De gemeente had voor decentralisatie een dak- en thuislozenjongerenbeleid. Na decentralisatie is dit beleid voortgezet in de Wmo. De gemeente heeft hierin haar verantwoordelijkheid genomen en in 2018 ingezet op de doorontwikkeling. Op lokaal niveau zijn randvoorwaarden gecreëerd in het kader van de voorwaardenscheppende staat (Van der Meer, 2009). Deze voorwaarden zijn in de zin van financiële middelen en invulling van de gemeentelijk regiefunctie voor een gezamenlijke aanpak.

Uit de bevindingen blijkt dat de gemeente de regiefunctie niet volgens één expliciete regietype invult. De aspecten doorzettingsvermogen en eigen beleidskader van de regietypen volgens Pröpper et al. (2004) worden gecombineerd. De criteria dragen bij aan de wijze van invulling door de gemeente en hebben een positieve invloed.

De samenwerking wordt georganiseerd op basis van de regiefunctie. De gemeente is zich bewust van het belang van samenwerking om beleidsdoelen te realiseren (Covey, 2011; Van Grunsven, 2018). Hierin wordt de wederzijdse afhankelijkheid tussen de samenwerkende partijen erkend, zoals aangegeven door Pröpper et al. (2004) en Hoogerwerf & Herweijer (2008). Het komt erop neer dat de partijen door samenwerking meer bereiken dan afzonderlijk (Covey, 2011).

De mate van deze samenwerking heeft weer invloed in de samenhang van het beleid (Van Grunsven, 2018; Hoogerwerf & Herweijer, 2008). Door die samenwerking is ingezet op de samenhang van het beleid. Op deze wijze wordt er getracht afstemming tussen de betrokken partijen te bereiken op beleid, uitvoering en activiteiten (Van der Meer, 2017). Dit is voor een groot deel van toepassing, zoals de gezamenlijke aanpak, gezamenlijke visie en doelen van het dak- en thuislozenjongerenbeleid. In het Plan van Aanpak zijn acties ondernomen om de afstemming in uitvoering en activiteiten te bevorderen. De afstemming van het dak- en thuislozenbeleid en inkomensbeleid behoeft de nodige aandacht.

De verantwoording is structureel ingecalculeerd door middel van rapportages. In de verantwoording vanuit beleid wordt aandacht geschonken aan de uitgevoerde acties en daaraan worden de behaalde doelen gekoppeld. Ondanks de inspanning zijn niet alle doeleinden bereikt en ontbrak het de gemeente aan adequate monitoring en

sturingsinformatie in 2019. Met als gevolg dat die condities gedeeltelijk aanwezig zijn.

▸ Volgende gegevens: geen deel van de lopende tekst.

text \<open>Krull dimension 0: there is a prime ideal (ring is nonzero) and
  every chain of primes has length 0, i.e. every prime ideal is maximal.\<close>
definition krull_dim_zero :: "'a::comm_ring_1 itself \<Rightarrow> bool" where
  "krull_dim_zero TYPE('a) \<longleftrightarrow> (\<exists>P::'a set. prime_ideal P) \<and>
     (\<forall>P::'a set. prime_ideal P \<longrightarrow> maximal_ideal P)"

definition loc_rel :: "'a::comm_ring_1 set \<Rightarrow> (('a \<times> 'a) \<times> ('a \<times> 'a)) set" where
  "loc_rel M = {((a, s), (b, t)). s \<notin> M \<and> t \<notin> M \<and> (\<exists>u. u \<notin> M \<and> u * (a * t - b * s) = 0)}"

definition loc_carrier :: "'a::comm_ring_1 set \<Rightarrow> ('a \<times> 'a) set set" where
  "loc_carrier M = (UNIV \<times> (- M)) // loc_rel M"

definition loc_zero :: "'a::comm_ring_1 set \<Rightarrow> ('a \<times> 'a) set" where
  "loc_zero M = loc_rel M `` {(0, 1)}"

definition loc_add :: "'a::comm_ring_1 set \<Rightarrow> ('a \<times> 'a) set \<Rightarrow> ('a \<times> 'a) set \<Rightarrow> ('a \<times> 'a) set" where
  "loc_add M X Y = loc_rel M `` {(a * t + b * s, s * t) | a s b t. (a, s) \<in> X \<and> (b, t) \<in> Y}"

definition loc_mult :: "'a::comm_ring_1 set \<Rightarrow> ('a \<times> 'a) set \<Rightarrow> ('a \<times> 'a) set \<Rightarrow> ('a \<times> 'a) set" where
  "loc_mult M X Y = loc_rel M `` {(a * b, s * t) | a s b t. (a, s) \<in> X \<and> (b, t) \<in> Y}"

definition loc_ideal :: "'a::comm_ring_1 set \<Rightarrow> ('a \<times> 'a) set set \<Rightarrow> bool" where
  "loc_ideal M I \<longleftrightarrow> I \<subseteq> loc_carrier M \<and> loc_zero M \<in> I \<and>
     (\<forall>X\<in>I. \<forall>Y\<in>I. loc_add M X Y \<in> I) \<and>
     (\<forall>X\<in>loc_carrier M. \<forall>Y\<in>I. loc_mult M X Y \<in> I)"

definition loc_valuation :: "'a::comm_ring_1 set \<Rightarrow> bool" where
  "loc_valuation M \<longleftrightarrow> (\<forall>I J. loc_ideal M I \<and> loc_ideal M J \<longrightarrow> I \<subseteq> J \<or> J \<subseteq> I)"

definition arithmetic_ring :: "'a::comm_ring_1 itself \<Rightarrow> bool" where
  "arithmetic_ring TYPE('a) \<longleftrightarrow> (\<forall>M::'a set. maximal_ideal M \<longrightarrow> loc_valuation M)"

definition ideal_generated :: "'a::comm_ring_1 set \<Rightarrow> 'a set" where
  "ideal_generated S = \<Inter>{I. ring_ideal I \<and> S \<subseteq> I}"

definition bezout_ring :: "'a::comm_ring_1 itself \<Rightarrow> bool" where
  "bezout_ring TYPE('a) \<longleftrightarrow>
     (\<forall>S::'a set. finite S \<longrightarrow> (\<exists>a. ideal_generated S = {r * a | r. True}))"

definition diagonal_rect :: "'a::zero mat \<Rightarrow> bool" where
  "diagonal_rect D \<longleftrightarrow> (\<forall>i j. i < dim_row D \<longrightarrow> j < dim_col D \<longrightarrow> i \<noteq> j \<longrightarrow> D $$ (i, j) = 0)"

definition kaplansky_ring :: "'a::comm_ring_1 itself \<Rightarrow> bool" where
  "kaplansky_ring TYPE('a) \<longleftrightarrow>
     (\<forall>m n (A::'a mat). A \<in> carrier_mat m n \<longrightarrow>
        (\<exists>P Q D. P \<in> carrier_mat m m \<and> Q \<in> carrier_mat n n \<and> invertible_mat P \<and> invertible_mat Q
           \<and> D \<in> carrier_mat m n \<and> diagonal_rect D \<and> P * A * Q = D))"

definition adequate_ring :: "'a::comm_ring_1 itself \<Rightarrow> bool" where
  "adequate_ring TYPE('a) \<longleftrightarrow> bezout_ring TYPE('a) \<and>
     (\<forall>a b :: 'a. a \<noteq> 0 \<longrightarrow>
        (\<exists>r s. a = r * s \<and> {x * r + y * b | x y. True} = UNIV \<and>
           (\<forall>s'. s' dvd s \<and> \<not> s' dvd 1 \<longrightarrow> {x * s' + y * b | x y. True} \<noteq> UNIV)))"

end

theory Submission
  imports Defs "Jordan_Normal_Form.Determinant"
begin

(* In a ring of Krull dimension 0 every prime is maximal, which makes the ring strongly
   pi-regular: for each u some u^k lies in u^(k+1) R, and u^k x^k is then an idempotent f
   with u | f and (1 - f) u nilpotent.  Arithmeticity says that at every maximal ideal one of
   a, b divides the other up to a unit, so no maximal ideal contains the colon ideals
   (b : a) + (a : b); hence u + v = 1 with b | u a and a | v b, and the idempotent attached
   to u globalizes this: there is an idempotent e with b | e a and a | (1 - e) b.
   Splitting along e, the element e b + (1 - e) a generates (a, b).  This gives the Bezout
   property and, mixing transformations on eR and (1 - e)R, a pivot dividing every entry of
   a matrix; clearing its row and column and recursing diagonalizes.  For adequacy, take the
   idempotent f of b: b is a unit on fR and nilpotent on (1 - f)R, and
   a = (f a + 1 - f) (f + (1 - f) a) is the required factorization. *)

section \<open>Ideals and the separation lemma\<close>

lemma ring_idealD:
  assumes "ring_ideal I"
  shows "0 \<in> I" and "x \<in> I \<Longrightarrow> y \<in> I \<Longrightarrow> x + y \<in> I"
    and "x \<in> I \<Longrightarrow> r * x \<in> I" and "x \<in> I \<Longrightarrow> x * r \<in> I"
  using assms unfolding ring_ideal_def by (auto simp: mult.commute)

lemma prime_ideal_one_notin: "prime_ideal P \<Longrightarrow> 1 \<notin> P"
  unfolding prime_ideal_def ring_ideal_def by (metis UNIV_eq_I mult.right_neutral)

lemma prime_ideal_mult_notin: "prime_ideal P \<Longrightarrow> s \<notin> P \<Longrightarrow> t \<notin> P \<Longrightarrow> s * t \<notin> P"
  unfolding prime_ideal_def by blast

definition ideal_extend :: "'a::comm_ring_1 set \<Rightarrow> 'a \<Rightarrow> 'a set" where
  "ideal_extend I a = {p + r * a | p r. p \<in> I}"

lemma ring_ideal_extend:
  assumes I: "ring_ideal I"
  shows "ring_ideal (ideal_extend I a)" and "I \<subseteq> ideal_extend I a" and "a \<in> ideal_extend I a"
proof -
  show "ring_ideal (ideal_extend I a)"
    unfolding ring_ideal_def ideal_extend_def
  proof (intro conjI ballI allI)
    show "0 \<in> {p + r * a |p r. p \<in> I}"
      using ring_idealD(1)[OF I] by (auto intro!: exI[of _ 0])
  next
    fix x y assume "x \<in> {p + r * a |p r. p \<in> I}" "y \<in> {p + r * a |p r. p \<in> I}"
    then obtain p r p' r' where "x = p + r * a" "y = p' + r' * a" "p \<in> I" "p' \<in> I"
      by auto
    then show "x + y \<in> {p + r * a |p r. p \<in> I}"
      using ring_idealD(2)[OF I] by (intro CollectI exI[of _ "p + p'"] exI[of _ "r + r'"])
        (auto simp: algebra_simps)
  next
    fix s x assume "x \<in> {p + r * a |p r. p \<in> I}"
    then obtain p r where "x = p + r * a" "p \<in> I"
      by auto
    then show "s * x \<in> {p + r * a |p r. p \<in> I}"
      using ring_idealD(3)[OF I] by (intro CollectI exI[of _ "s * p"] exI[of _ "s * r"])
        (auto simp: algebra_simps)
  qed
  show "I \<subseteq> ideal_extend I a"
  proof
    fix x assume "x \<in> I"
    then show "x \<in> ideal_extend I a"
      unfolding ideal_extend_def by (intro CollectI exI[of _ x] exI[of _ 0]) simp
  qed
  show "a \<in> ideal_extend I a"
    unfolding ideal_extend_def using ring_idealD(1)[OF I] by (intro CollectI exI[of _ 0] exI[of _ 1]) simp
qed
(* Let $\beta\in(1,2)$, let $\tau>0$, $n\ge 1$ an integer, and $t_k=k\tau$ for $k=0,1,\dots,n$. Suppose $v\in C^{2}[0,t_n]\cap C^{3}(0,t_n]$ with $|v'''|\in L^1(0,t_n]$, and write $v^k=v(t_k)$. Define $$b_0^{(\beta)}=\frac{1}{\Gamma(3-\beta)},\qquad b_m^{(\beta)}=\frac{1}{\Gamma(3-\beta)}\big[(m+1)^{2-\beta}-m^{2-\beta}\big],\quad m\ge 1,$$ and $$\Delta_t^{\beta}v^n=\frac{1}{\tau^{\beta}}\Big[\sum_{k=2}^{n} b_{n-k}^{(\beta)}\big(v^k-2v^{k-1}+v^{k-2}\big)+2b_{n-1}^{(\beta)}\big(v^1-v^0\big)\Big].$$ Then $${}_0^CD_t^{\beta}v(t_n)=\Delta_t^{\beta}v^n-\frac{2\,b_{n-1}^{(\beta)}}{\tau^{\beta-1}}\,v'(t_0)+R_2[v(t_n)],$$ where the remainder satisfies $$\big|R_2[v(t_n)]\big|\le \frac{9\,t_n^{2-\beta}}{\Gamma(3-\beta)}\,\max_{0\le k\le n-1}\int_0^1\big|v'''(t_k+\theta\tau)\big|\,d\theta\cdot\tau .$$
   Context: For $\beta\in(1,2)$ and a function $v$ on $[0,T]$ with $v''$ integrable, the Caputo fractional derivative of order $\beta$ is ${}_0^CD_t^{\beta}v(t)=\frac{1}{\Gamma(2-\beta)}\int_0^t (t-s)^{1-\beta}v''(s)\,ds$. $\Gamma$ denotes the Gamma function. An empty sum (when $n=1$) is zero. *)

theory Defs
  imports "HOL-Analysis.Analysis"
begin

text \<open>Caputo derivative of order beta, given the second derivative v2 of v:
  (1/Gamma(2-beta)) * integral_0^t (t-s)^(1-beta) v''(s) ds.\<close>
definition caputo :: "real \<Rightarrow> (real \<Rightarrow> real) \<Rightarrow> real \<Rightarrow> real" where
  "caputo \<beta> v2 t = 1 / Gamma (2 - \<beta>) * integral {0..t} (\<lambda>s. (t - s) powr (1 - \<beta>) * v2 s)"

definition bcoef :: "real \<Rightarrow> nat \<Rightarrow> real" where
  "bcoef \<beta> m = (if m = 0 then 1 / Gamma (3 - \<beta>)
     else (real (m + 1) powr (2 - \<beta>) - real m powr (2 - \<beta>)) / Gamma (3 - \<beta>))"

definition Delta_t :: "real \<Rightarrow> real \<Rightarrow> (real \<Rightarrow> real) \<Rightarrow> nat \<Rightarrow> real" where
  "Delta_t \<beta> \<tau> v n = 1 / \<tau> powr \<beta> *
     ((\<Sum>k = 2..n. bcoef \<beta> (n - k) *
         (v (real k * \<tau>) - 2 * v (real (k - 1) * \<tau>) + v (real (k - 2) * \<tau>)))
      + 2 * bcoef \<beta> (n - 1) * (v \<tau> - v 0))"

end

theory Submission
  imports Defs
begin

text \<open>Split the Caputo integral over the grid cells [t_(k-1), t_k]. On cell k the weight
  (t_n - s)^(1-beta) integrates exactly to Gamma(2-beta) tau^(2-beta) b_(n-k), so that
  Delta_t^beta v^n minus the v'(0) term is the quadrature replacing v'' on cell k by a second
  difference quotient. By the mean value theorem this quotient is v''(xi) for some xi in
  [t_(k-2), t_k], and |v''(s) - v''(xi)| is at most the integral of |v3| = |v'''| over two cells,
  i.e. at most 2 tau max_k int_0^1 |v3(t_k + theta tau)| dtheta. Summing against the weight gives
  the bound with constant 2 instead of 9.\<close>

lemma mvt_within_subinterval:
  fixes f f' :: "real \<Rightarrow> real"
  assumes "a < b" "{a..b} \<subseteq> S"
    and "\<And>x. x \<in> S \<Longrightarrow> (f has_real_derivative f' x) (at x within S)"
  obtains \<xi> where "\<xi> \<in> {a<..<b}" "f b - f a = f' \<xi> * (b - a)"
proof -
  have "(f has_real_derivative f' x) (at x within {a..b})" if "a \<le> x" "x \<le> b" for x
    by (rule has_field_derivative_subset[OF assms(3) assms(2)]) (use that assms(2) in auto)
  then have "(f has_derivative (*) (f' x)) (at x within {a..b})" if "a \<le> x" "x \<le> b" for x
    using that by (simp add: has_field_derivative_imp_has_derivative)
  then show ?thesis
    using mvt_simple[OF \<open>a < b\<close>, of f "\<lambda>x. (*) (f' x)"] that by blast
qed

lemma cauchy_mean_value_square:
  fixes F F' :: "real \<Rightarrow> real"
  assumes "0 < h" "continuous_on {0..h} F" "F 0 = 0"
    and "\<And>x. 0 < x \<Longrightarrow> x < h \<Longrightarrow> (F has_real_derivative F' x) (at x)"
  obtains z where "0 < z" "z < h" "h\<^sup>2 * F' z = 2 * z * F h"
proof -
  define g where "g x = h\<^sup>2 * F x - F h * x\<^sup>2" for x
  have dg: "(g has_real_derivative h\<^sup>2 * F' x - F h * (2 * x)) (at x)" if "0 < x" "x < h" for x
    unfolding g_def by (auto intro!: derivative_eq_intros assms(4) that)
  have "\<exists>z. 0 < z \<and> z < h \<and> (g has_real_derivative 0) (at z)"
  proof (rule Rolle[OF assms(1)])
    show "g 0 = g h"
      using assms(3) by (simp add: g_def)
    show "continuous_on {0..h} g"
      unfolding g_def by (intro continuous_intros assms(2))
    show "g differentiable (at x)" if "0 < x" "x < h" for x
      using dg[OF that] real_differentiable_def by blast
  qed
  then obtain z where z: "0 < z" "z < h" "(g has_real_derivative 0) (at z)"
    by blast
  with dg[of z] have "h\<^sup>2 * F' z - F h * (2 * z) = 0" by (metis DERIV_unique)
  with z that show ?thesis by (simp add: algebra_simps)
qed

lemma Taylor_second_order_mean_value:
  fixes v v1 v2 :: "real \<Rightarrow> real"
  assumes "a < b"
    and d1: "\<And>x. x \<in> {a..b} \<Longrightarrow> (v has_real_derivative v1 x) (at x within {a..b})"
    and d2: "\<And>x. x \<in> {a..b} \<Longrightarrow> (v1 has_real_derivative v2 x) (at x within {a..b})"
  obtains \<xi> where "\<xi> \<in> {a..b}" "2 * (v b - v a - (b - a) * v1 a) = (b - a)\<^sup>2 * v2 \<xi>"
proof -
  define h where "h = b - a"
  define F where "F x = v (a + x) - v a - x * v1 a" for x
  have "continuous_on {0..h} (\<lambda>x. v (a + x))"
    by (rule continuous_on_compose2[OF DERIV_continuous_on[OF d1]]) (auto simp: h_def intro!: continuous_intros)
  then have "continuous_on {0..h} F"
    unfolding F_def by (intro continuous_intros)
  moreover have "(F has_real_derivative v1 (a + x) - v1 a) (at x)" if "0 < x" "x < h" for x
  proof -
    have "(v has_real_derivative v1 (a + x)) (at (a + x))"
      using d1[of "a + x"] that by (simp add: h_def at_within_Icc_at)
    then have "((\<lambda>x. v (a + x)) has_real_derivative v1 (a + x) * 1) (at x)"
      by (rule DERIV_chain2) (auto intro!: derivative_eq_intros)
    then show ?thesis
      unfolding F_def by (auto intro!: derivative_eq_intros)
  qed
  moreover have "0 < h" "F 0 = 0"
    using \<open>a < b\<close> by (simp_all add: h_def F_def)
  ultimately obtain z where z: "0 < z" "z < h" "h\<^sup>2 * (v1 (a + z) - v1 a) = 2 * z * F h"
    using cauchy_mean_value_square[of h F "\<lambda>x. v1 (a + x) - v1 a"] by blast
  obtain \<xi> where \<xi>: "\<xi> \<in> {a<..<a + z}" "v1 (a + z) - v1 a = v2 \<xi> * (a + z - a)"
    by (rule mvt_within_subinterval[of a "a + z" "{a..b}" v1 v2]) (use z d2 in \<open>auto simp: h_def\<close>)
  have "h\<^sup>2 * v2 \<xi> = 2 * F h"
    using z \<xi>(2) by (simp add: algebra_simps power2_eq_square)
  then show ?thesis
    using that[of \<xi>] \<xi>(1) z by (auto simp: h_def F_def)
qed

lemma second_difference_mean_value:
  fixes v v1 v2 :: "real \<Rightarrow> real"
  assumes "0 < h"
    and d1: "\<And>x. x \<in> {c - h..c + h} \<Longrightarrow> (v has_real_derivative v1 x) (at x within {c - h..c + h})"
    and d2: "\<And>x. x \<in> {c - h..c + h} \<Longrightarrow> (v1 has_real_derivative v2 x) (at x within {c - h..c + h})"
  obtains \<xi> where "\<xi> \<in> {c - h..c + h}" "v (c + h) - 2 * v c + v (c - h) = h\<^sup>2 * v2 \<xi>"
proof -
  define F where "F x = v (c + x) - 2 * v c + v (c - x)" for x
  have cv: "continuous_on {c - h..c + h} v"
    by (rule DERIV_continuous_on[OF d1])
  have "continuous_on {0..h} (\<lambda>x. v (c + x))" "continuous_on {0..h} (\<lambda>x. v (c - x))"
    by (rule continuous_on_compose2[OF cv]; auto intro!: continuous_intros)+
  then have "continuous_on {0..h} F"
    unfolding F_def by (intro continuous_intros)
  moreover have "(F has_real_derivative v1 (c + x) - v1 (c - x)) (at x)" if "0 < x" "x < h" for x
  proof -
    have dv: "(v has_real_derivative v1 y) (at y)" if "c - h < y" "y < c + h" for y
      using d1[of y] that by (simp add: at_within_Icc_at)
    have "((\<lambda>x. v (c + x)) has_real_derivative v1 (c + x) * 1) (at x)"
      by (rule DERIV_chain2[of v]) (use dv that in \<open>auto intro!: derivative_eq_intros\<close>)
    moreover have "((\<lambda>x. v (c - x)) has_real_derivative v1 (c - x) * (-1)) (at x)"
      by (rule DERIV_chain2[of v]) (use dv that in \<open>auto intro!: derivative_eq_intros\<close>)
    ultimately show ?thesis
      unfolding F_def by (auto intro!: derivative_eq_intros)
  qed
  moreover have "F 0 = 0"
    by (simp add: F_def)
  ultimately obtain z where z: "0 < z" "z < h" "h\<^sup>2 * (v1 (c + z) - v1 (c - z)) = 2 * z * F h"
    using cauchy_mean_value_square[of h F "\<lambda>x. v1 (c + x) - v1 (c - x)"] \<open>0 < h\<close> by blast
  obtain \<xi> where \<xi>: "\<xi> \<in> {c - z<..<c + z}" "v1 (c + z) - v1 (c - z) = v2 \<xi> * (c + z - (c - z))"
    by (rule mvt_within_subinterval[of "c - z" "c + z" "{c - h..c + h}" v1 v2]) (use z d2 in auto)
  have "h\<^sup>2 * v2 \<xi> = F h"
    using z \<xi>(2) by (simp add: algebra_simps power2_eq_square)
  then show ?thesis
    using that[of \<xi>] \<xi>(1) z by (auto simp: F_def)
qed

De gemeente heeft het doel om een efficiëntere en effectievere jongerenketen te realiseren deels waargemaakt. Er wordt deels aangegeven, omdat bepaalde acties nog lopen, zoals de jongerenhuisvesting, adequate monitoring en sturingsinformatie. Aan de andere kant zijn bepaalde doelen wel bereikt, zoals het verkorten van procedures en doorlooptijden, een betere vraagverheldering en complete urgentie aanvragen ten behoeve van uitstroom. De gemeente heeft door regie ingezet op de samenwerking om deze acties gezamenlijk uit te voeren. Tevens inzet en commitment getoond.

De veronderstelling waarin een effectiever beleid wordt gerealiseerd doordat de gemeente op basis van de regiefunctie de samenwerking organiseert en afstemming van partijen bereikt, wordt door de bevindingen bevestigd. De interviews dienen als bevestiging van deze veronderstelling. Al worden er wel kanttekeningen geplaatst bij de samenhang van intern beleid.

6.2 Aanbevelingen

Uit het onderzoek komt naar voren dat de gemeente op bepaalde gebieden voortgang heeft geboekt en op andere gebieden voor uitdagingen staat. In deze paragraaf worden de aanbevelingen uit dit onderzoek voor de gemeente beschreven.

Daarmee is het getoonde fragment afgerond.